_Task brief:_
Copy, word for word, each line of the data below from the first through the line containing "so the normalised", and stop there.

========================

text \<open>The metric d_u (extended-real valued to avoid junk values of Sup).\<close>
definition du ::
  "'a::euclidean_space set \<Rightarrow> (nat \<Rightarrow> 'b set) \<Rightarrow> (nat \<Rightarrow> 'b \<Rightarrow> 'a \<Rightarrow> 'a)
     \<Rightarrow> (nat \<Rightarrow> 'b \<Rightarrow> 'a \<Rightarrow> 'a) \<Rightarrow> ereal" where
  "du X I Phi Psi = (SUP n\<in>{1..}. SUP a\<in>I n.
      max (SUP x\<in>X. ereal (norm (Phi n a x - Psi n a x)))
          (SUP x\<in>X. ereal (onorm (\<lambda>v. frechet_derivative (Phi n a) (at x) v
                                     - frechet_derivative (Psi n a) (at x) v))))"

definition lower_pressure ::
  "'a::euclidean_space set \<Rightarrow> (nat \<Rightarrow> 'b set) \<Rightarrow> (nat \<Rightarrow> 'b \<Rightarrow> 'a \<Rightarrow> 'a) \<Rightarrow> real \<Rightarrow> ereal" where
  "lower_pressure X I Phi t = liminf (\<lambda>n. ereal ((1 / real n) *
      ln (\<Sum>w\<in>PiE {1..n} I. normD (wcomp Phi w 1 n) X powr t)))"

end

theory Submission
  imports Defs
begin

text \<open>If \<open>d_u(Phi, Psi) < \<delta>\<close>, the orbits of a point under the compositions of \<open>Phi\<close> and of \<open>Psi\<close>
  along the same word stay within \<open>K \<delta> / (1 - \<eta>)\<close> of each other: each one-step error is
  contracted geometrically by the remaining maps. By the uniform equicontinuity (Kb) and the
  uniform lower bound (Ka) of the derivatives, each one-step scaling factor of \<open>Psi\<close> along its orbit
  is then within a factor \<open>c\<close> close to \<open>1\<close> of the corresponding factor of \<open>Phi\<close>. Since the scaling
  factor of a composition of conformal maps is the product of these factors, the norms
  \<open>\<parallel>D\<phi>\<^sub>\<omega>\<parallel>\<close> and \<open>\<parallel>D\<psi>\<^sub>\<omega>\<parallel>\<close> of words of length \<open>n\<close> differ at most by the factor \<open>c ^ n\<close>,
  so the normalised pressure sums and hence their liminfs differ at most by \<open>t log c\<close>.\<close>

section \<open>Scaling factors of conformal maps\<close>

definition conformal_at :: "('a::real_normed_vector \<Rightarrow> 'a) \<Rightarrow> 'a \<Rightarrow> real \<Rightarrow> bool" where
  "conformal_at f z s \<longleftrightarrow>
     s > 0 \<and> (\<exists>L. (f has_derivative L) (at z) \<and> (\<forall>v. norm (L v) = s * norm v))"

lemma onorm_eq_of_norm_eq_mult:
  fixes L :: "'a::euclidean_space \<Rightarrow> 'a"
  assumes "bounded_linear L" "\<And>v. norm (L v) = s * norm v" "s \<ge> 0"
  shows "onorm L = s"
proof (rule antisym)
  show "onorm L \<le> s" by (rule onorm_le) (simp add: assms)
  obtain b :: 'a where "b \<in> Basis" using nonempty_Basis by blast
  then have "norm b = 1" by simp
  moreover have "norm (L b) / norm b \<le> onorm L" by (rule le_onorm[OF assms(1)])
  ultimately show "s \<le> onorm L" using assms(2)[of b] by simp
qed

========================

_Your response:_
text \<open>The metric d_u (extended-real valued to avoid junk values of Sup).\<close>
definition du ::
  "'a::euclidean_space set \<Rightarrow> (nat \<Rightarrow> 'b set) \<Rightarrow> (nat \<Rightarrow> 'b \<Rightarrow> 'a \<Rightarrow> 'a)
     \<Rightarrow> (nat \<Rightarrow> 'b \<Rightarrow> 'a \<Rightarrow> 'a) \<Rightarrow> ereal" where
  "du X I Phi Psi = (SUP n\<in>{1..}. SUP a\<in>I n.
      max (SUP x\<in>X. ereal (norm (Phi n a x - Psi n a x)))
          (SUP x\<in>X. ereal (onorm (\<lambda>v. frechet_derivative (Phi n a) (at x) v
                                     - frechet_derivative (Psi n a) (at x) v))))"

definition lower_pressure ::
  "'a::euclidean_space set \<Rightarrow> (nat \<Rightarrow> 'b set) \<Rightarrow> (nat \<Rightarrow> 'b \<Rightarrow> 'a \<Rightarrow> 'a) \<Rightarrow> real \<Rightarrow> ereal" where
  "lower_pressure X I Phi t = liminf (\<lambda>n. ereal ((1 / real n) *
      ln (\<Sum>w\<in>PiE {1..n} I. normD (wcomp Phi w 1 n) X powr t)))"

end

theory Submission
  imports Defs
begin

text \<open>If \<open>d_u(Phi, Psi) < \<delta>\<close>, the orbits of a point under the compositions of \<open>Phi\<close> and of \<open>Psi\<close>
  along the same word stay within \<open>K \<delta> / (1 - \<eta>)\<close> of each other: each one-step error is
  contracted geometrically by the remaining maps. By the uniform equicontinuity (Kb) and the
  uniform lower bound (Ka) of the derivatives, each one-step scaling factor of \<open>Psi\<close> along its orbit
  is then within a factor \<open>c\<close> close to \<open>1\<close> of the corresponding factor of \<open>Phi\<close>. Since the scaling
  factor of a composition of conformal maps is the product of these factors, the norms
  \<open>\<parallel>D\<phi>\<^sub>\<omega>\<parallel>\<close> and \<open>\<parallel>D\<psi>\<^sub>\<omega>\<parallel>\<close> of words of length \<open>n\<close> differ at most by the factor \<open>c ^ n\<close>,
  so the normalised pressure sums and hence their liminfs differ at most by \<open>t log c\<close>.\<close>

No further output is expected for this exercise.